We used to define business objects mostly as classes. But what if they become interfaces while instances will be created automatically from some factory (like IoC container)?

Philosophically let's imagine we are talking about some laptop. What is usually important for us? Probably it's technical specs. Especially when we're going to buy it. Tomorrow we have a flight and more important aspect of the laptop will be it's size and weight while we're packing it into our luggage. If you looking for something to hammer a nail the laptop will appear from the different point of view. So any object may have different aspects. And these aspect are interfaces.

Let's take a look briefly into advantages.

Firstly, you can't inject logic into schema that is not a good approach because highly couples responsibilities. For example, let's consider validation. When you're buying the laptop, you have specs-based validation. When going to flight, size/weight-based validation. So validation is process external to the object itself, made by subject and environment.

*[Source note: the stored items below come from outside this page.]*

(* Let $1\le K<d$ be integers. For $\lambda\in(0,1)$ let $\bar F_\lambda$ be the solution of $\bar F'(w)=T_\lambda(\bar F(w))-\bar F(w)$, $\bar F(0)=\lambda$, with $T_\lambda$ as below, and let $\mathbb E[W_\lambda]=\frac1\lambda\int_0^\infty T_\lambda(\bar F_\lambda(w))\,dw$. Then $$\lim_{\lambda\to1^-}-\frac{\mathbb E[W_\lambda]}{\log(1-\lambda)}=\frac{K}{d-K}.$$
   Context: For integers $1\le K<d$ and $\lambda\in(0,1)$, $T_\lambda(u)=\frac{\lambda}{K}\sum_{j=0}^{K-1}(K-j)\binom{d}{j}u^{d-j}(1-u)^j$ for $u\in[0,\infty)$ (the LL($d,K$) policy: batches of $K$ exponential(1) jobs sent to the $K$ least loaded of $d$ sampled servers). *)

theory Defs
  imports "HOL-Analysis.Analysis"
begin

definition T_LL :: "nat \<Rightarrow> nat \<Rightarrow> real \<Rightarrow> real \<Rightarrow> real" where
  "T_LL d K lam u = lam / real K *
     (\<Sum>j<K. real (K - j) * real (d choose j) * u ^ (d - j) * (1 - u) ^ j)"

definition mean_wait :: "nat \<Rightarrow> nat \<Rightarrow> real \<Rightarrow> (real \<Rightarrow> real) \<Rightarrow> real" where
  "mean_wait d K lam F = (1 / lam) * integral {0..} (\<lambda>w. T_LL d K lam (F w))"

end

theory Submission
  imports Defs "HOL-Real_Asymp.Real_Asymp"
begin

text \<open>Writing \<open>T(u) = \<lambda> (1 - E[min(J, K)] / K)\<close> with \<open>J ~ Bin(d, 1 - u)\<close> shows that near
  \<open>u = 1\<close> the solution \<open>f\<close> of \<open>f' = T(f) - f\<close> decreases at rate about \<open>(1 - \<lambda>) + c (1 - f)\<close>,
  \<open>c = d/K - 1\<close>, while \<open>T(f) \<approx> \<lambda>\<close>. By the chain rule, \<open>\<integral> T(f) = P(\<lambda>) - P(lim f)\<close> for
  any \<open>P\<close> with \<open>P'(u) (u - T(u)) = T(u)\<close>; comparing with \<open>P(u) = -\<lambda> ln((1 - \<lambda>) + c (1 - u)) / c\<close>
  gives \<open>\<integral> T(f) \<approx> \<lambda> (-ln(1 - \<lambda>)) / c\<close>, so the ratio tends to \<open>1/c = K/(d - K)\<close>.
  The lower bound only integrates while \<open>f \<ge> 1 - \<delta>\<close>; the upper bound replaces \<open>c\<close> by
  \<open>d (1 - \<delta>)\<^sup>d / K - 1\<close> and pays \<open>\<lambda> / \<delta>\<^sup>d\<^sup>-\<^sup>1\<close> for the time spent below \<open>1 - \<delta>\<close>.\<close>

lemma binomial_ring_first_moment:
  fixes x y :: "'a::comm_semiring_1"
  shows "(\<Sum>j\<le>n. of_nat j * (of_nat (n choose j) * x ^ j * y ^ (n - j)))
       = of_nat n * x * (x + y) ^ (n - 1)"
proof (cases n)
  case 0
  then show ?thesis by simp
next
  case (Suc m)
  have absorb: "of_nat (Suc k) * of_nat (Suc m choose Suc k) = (of_nat (Suc m) * of_nat (m choose k) :: 'a)"
    for k by (metis of_nat_mult Suc_times_binomial)
  have "(\<Sum>j\<le>n. of_nat j * (of_nat (n choose j) * x ^ j * y ^ (n - j)))
      = (\<Sum>k\<le>m. of_nat (Suc k) * (of_nat (Suc m choose Suc k) * x ^ Suc k * y ^ (Suc m - Suc k)))"
    unfolding Suc by (subst sum.atMost_Suc_shift) simp
  also have "\<dots> = (\<Sum>k\<le>m. of_nat (Suc m) * x * (of_nat (m choose k) * x ^ k * y ^ (m - k)))"
  proof (intro sum.cong refl)
    fix k
    have "of_nat (Suc k) * (of_nat (Suc m choose Suc k) * x ^ Suc k * y ^ (Suc m - Suc k))
        = (of_nat (Suc k) * of_nat (Suc m choose Suc k)) * (x * (x ^ k * y ^ (m - k)))"
      by (simp only: power_Suc diff_Suc_Suc mult_ac)
    also have "\<dots> = of_nat (Suc m) * x * (of_nat (m choose k) * x ^ k * y ^ (m - k))"
      by (simp only: absorb mult_ac)
    finally show "of_nat (Suc k) * (of_nat (Suc m choose Suc k) * x ^ Suc k * y ^ (Suc m - Suc k))
        = of_nat (Suc m) * x * (of_nat (m choose k) * x ^ k * y ^ (m - k))" .
  qed
  also have "\<dots> = of_nat n * x * (x + y) ^ (n - 1)"
    by (simp add: Suc sum_distrib_left[symmetric] binomial_ring add.commute)
  finally show ?thesis .
qed

definition LL_load :: "nat \<Rightarrow> nat \<Rightarrow> real \<Rightarrow> real" where
  "LL_load d K u = (\<Sum>j\<le>d. real (min j K) * (real (d choose j) * (1 - u) ^ j * u ^ (d - j)))"

lemma T_LL_eq_load:
  assumes "K \<le> d"
  shows "T_LL d K lam u = lam / real K * (real K - LL_load d K u)"
proof -
  define p where "p j = real (d choose j) * (1 - u) ^ j * u ^ (d - j)" for j
  have total: "(\<Sum>j\<le>d. p j) = 1"
    unfolding p_def using binomial_ring[of "1 - u" u d] by (simp add: add.commute)
  have "real K - LL_load d K u = (\<Sum>j\<le>d. (real K - real (min j K)) * p j)"
    unfolding LL_load_def p_def[symmetric] left_diff_distrib sum_subtractf
    by (simp add: sum_distrib_left[symmetric] total)
  also have "\<dots> = (\<Sum>j<K. real (K - j) * p j)"
    using assms by (intro sum.mono_neutral_cong_right) (auto simp: min_def of_nat_diff)
  finally show ?thesis
    unfolding T_LL_def p_def by (simp add: mult_ac)
qed

lemma LL_load_le:
  assumes "0 \<le> u" "u \<le> 1"
  shows "LL_load d K u \<le> real d * (1 - u)"
proof -
  have "LL_load d K u \<le> (\<Sum>j\<le>d. real j * (real (d choose j) * (1 - u) ^ j * u ^ (d - j)))"
    unfolding LL_load_def using assms by (intro sum_mono mult_right_mono) auto
  also have "\<dots> = real d * (1 - u)"
    using binomial_ring_first_moment[of d "1 - u" u] by simp
  finally show ?thesis .
qed

lemma LL_load_ge_first_term:
  assumes "1 \<le> K" "1 \<le> d" "0 \<le> u" "u \<le> 1"
  shows "real d * (1 - u) * u ^ (d - 1) \<le> LL_load d K u"
proof -
  have "real (min 1 K) * (real (d choose 1) * (1 - u) ^ 1 * u ^ (d - 1)) \<le> LL_load d K u"
    unfolding LL_load_def using assms by (intro member_le_sum) auto
  then show ?thesis using assms by simp
qed

text \<open>Pointwise \<open>min j K \<ge> (K/d) j\<close>, with an extra \<open>K/d\<close> to spare at \<open>j = d - 1\<close>.\<close>
lemma LL_load_ge:
  assumes "K < d" "0 \<le> u" "u \<le> 1"
  shows "real K * (1 - u) + real K * u * (1 - u) ^ (d - 1) \<le> LL_load d K u"
proof -
  define p where "p j = real (d choose j) * (1 - u) ^ j * u ^ (d - j)" for j
  have p_nonneg: "0 \<le> p j" for j unfolding p_def using assms by simp
  have coeff: "real K / real d * real j + (if j = d - 1 then real K / real d else 0) \<le> real (min j K)"
    if "j \<le> d" for j
  proof (cases "j = d - 1")
    case True
    with assms have "real K / real d * real j + real K / real d = real K" "min j K = K"
      by (auto simp: field_simps of_nat_diff)
    with True show ?thesis by simp
  next
    case False
    have "real K / real d * real j \<le> real j" "real K / real d * real j \<le> real K"
      using assms that by (auto simp: field_simps mult_right_mono mult_left_mono)
    with False show ?thesis by (simp add: min_def)
  qed
  have mean: "(\<Sum>j\<le>d. real j * p j) = real d * (1 - u)"
    unfolding p_def using binomial_ring_first_moment[of d "1 - u" u] by simp
  have p_last: "p (d - 1) = real d * (1 - u) ^ (d - 1) * u"
    using assms unfolding p_def by (simp add: binomial_symmetric[symmetric] Suc_diff_Suc)
  have "real K * (1 - u) + real K * u * (1 - u) ^ (d - 1)
      = real K / real d * (\<Sum>j\<le>d. real j * p j) + real K / real d * p (d - 1)"
    unfolding mean p_last using assms by (simp add: field_simps)
  also have "\<dots> = (\<Sum>j\<le>d. real K / real d * real j * p j
                      + (if j = d - 1 then real K / real d * p j else 0))"
    by (simp add: sum.distrib sum_distrib_left mult.assoc)
  also have "\<dots> \<le> LL_load d K u"
    unfolding LL_load_def p_def[symmetric]
  proof (intro sum_mono)
    fix j assume "j \<in> {..d}"
    then have "(real K / real d * real j + (if j = d - 1 then real K / real d else 0)) * p j
        \<le> real (min j K) * p j"
      by (intro mult_right_mono coeff p_nonneg) auto
    then show "real K / real d * real j * p j + (if j = d - 1 then real K / real d * p j else 0)
        \<le> real (min j K) * p j"
      by (cases "j = d - 1") (simp_all add: distrib_right)
  qed
  finally show ?thesis .
qed

lemma T_LL_nonneg:
  assumes "0 \<le> lam" "0 \<le> u" "u \<le> 1"
  shows "0 \<le> T_LL d K lam u"
  unfolding T_LL_def using assms by (intro mult_nonneg_nonneg sum_nonneg) auto

locale LL_params =
  fixes d K :: nat
  assumes K_pos: "1 \<le> K" and K_less: "K < d"
begin

lemma T_LL_ge:
  assumes "0 \<le> lam" "0 \<le> u" "u \<le> 1"
  shows "lam * (1 - real d * (1 - u) / real K) \<le> T_LL d K lam u"
proof -
  have "lam / real K * (real K - real d * (1 - u)) \<le> lam / real K * (real K - LL_load d K u)"
    using assms LL_load_le[of u d K] by (intro mult_left_mono) auto
  then show ?thesis
    using K_pos K_less by (simp add: T_LL_eq_load field_simps)
qed

lemma T_LL_le_first_term:
  assumes "0 \<le> lam" "0 \<le> u" "u \<le> 1"
  shows "T_LL d K lam u \<le> lam * (1 - real d * (1 - u) * u ^ (d - 1) / real K)"
proof -
  have "lam / real K * (real K - LL_load d K u) \<le> lam / real K * (real K - real d * (1 - u) * u ^ (d - 1))"
    using assms K_pos K_less LL_load_ge_first_term[of K d u] by (intro mult_left_mono) auto
  then show ?thesis
    using K_pos K_less by (simp add: T_LL_eq_load field_simps)
qed

lemma T_LL_le:
  assumes "0 \<le> lam" "0 \<le> u" "u \<le> 1"
  shows "T_LL d K lam u \<le> lam * u * (1 - (1 - u) ^ (d - 1))"
proof -
  have "real K - LL_load d K u \<le> real K * (u * (1 - (1 - u) ^ (d - 1)))"
    using LL_load_ge[of K d u] assms K_less by (simp add: algebra_simps)
  then have "lam / real K * (real K - LL_load d K u)
      \<le> lam / real K * (real K * (u * (1 - (1 - u) ^ (d - 1))))"
    using assms by (intro mult_left_mono) auto
  then show ?thesis
    using K_pos K_less by (simp add: T_LL_eq_load)
qed

lemma T_LL_le_mult:
  assumes "0 \<le> lam" "0 \<le> u" "u \<le> 1"
  shows "T_LL d K lam u \<le> lam * u"
proof -
  have "lam * u * (1 - (1 - u) ^ (d - 1)) \<le> lam * u"
    using assms by (simp add: mult_left_le)
  with T_LL_le[OF assms] show ?thesis by linarith
qed

text \<open>\<open>u - T(u)\<close> is the speed at which a solution of \<open>f' = T(f) - f\<close> decreases at level \<open>u\<close>.\<close>
lemma drift_ge_of_far:
  assumes "0 \<le> lam" "lam \<le> 1" "0 \<le> u" "0 \<le> \<delta>" "\<delta> \<le> 1 - u"
  shows "lam * u * \<delta> ^ (d - 1) \<le> u - T_LL d K lam u"
proof -
  have "lam * u * \<delta> ^ (d - 1) \<le> lam * u * (1 - u) ^ (d - 1)"
    using assms by (intro mult_left_mono power_mono) auto
  moreover have "lam * u \<le> u"
    using assms by (simp add: mult_left_le_one_le)
  moreover have "T_LL d K lam u \<le> lam * u * (1 - (1 - u) ^ (d - 1))"
    using assms by (intro T_LL_le) auto
  ultimately show ?thesis by (simp add: algebra_simps)
qed

lemma drift_ge_near_one:
  assumes "\<delta> \<le> 1" "1 - \<delta> \<le> lam" "1 - \<delta> \<le> u" "u \<le> 1"
  shows "(1 - lam) + (real d * (1 - \<delta>) ^ d / real K - 1) * (1 - u) \<le> u - T_LL d K lam u"
proof -
  have "(1 - \<delta>) ^ d = (1 - \<delta>) * (1 - \<delta>) ^ (d - 1)"
    using K_less by (simp add: power_eq_if)
  also have "\<dots> \<le> lam * u ^ (d - 1)"
    using assms by (intro mult_mono power_mono) auto
  finally have "real d * (1 - \<delta>) ^ d / real K \<le> real d * (lam * u ^ (d - 1)) / real K"
    using K_pos by (intro divide_right_mono mult_left_mono) auto
  then have "(real d * (1 - \<delta>) ^ d / real K - 1) * (1 - u)
      \<le> (lam * real d * u ^ (d - 1) / real K - 1) * (1 - u)"
    using assms by (intro mult_right_mono) (auto simp: mult_ac)
  moreover have "T_LL d K lam u \<le> lam * (1 - real d * (1 - u) * u ^ (d - 1) / real K)"
    using assms by (intro T_LL_le_first_term) auto
  ultimately show ?thesis by (simp add: algebra_simps)
qed

lemma drift_le:
  assumes "0 \<le> lam" "lam \<le> 1" "0 \<le> u" "u \<le> 1"
  shows "u - T_LL d K lam u \<le> (1 - lam) + (real d / real K - 1) * (1 - u)"
proof -
  have "lam * (real d * (1 - u) / real K) \<le> real d * (1 - u) / real K"
    using assms by (intro mult_left_le_one_le) auto
  with T_LL_ge[OF assms(1,3,4)] show ?thesis by (simp add: algebra_simps)
qed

Secondly, even if you need some logic, it can be automatically or manually added to the implementation of this interface. And here you'll have a kind of AOP (Aspect Oriented Programming) where any aspects can be flexibly added to the objects.

Thirdly, designed based on interfaces is always more flexible. You'll start to extract different aspects of your classes, because won't be limited by "inheritance hell" and can easily build mixes from different interfaces to craft new view-models, DTO models (requests, responses), etc.

Simple example. Many objects have Name property. Event if they are very different and you can't provide the property by inheritance. This is a specific aspect of "named" things. Or some "hierarchy" aspect that defines Parent property.

A good solution is to define it in IHasName interface. For this interface you can define validation rule, that will be automatically injected into property setter when your IoC will create an instance with this interface.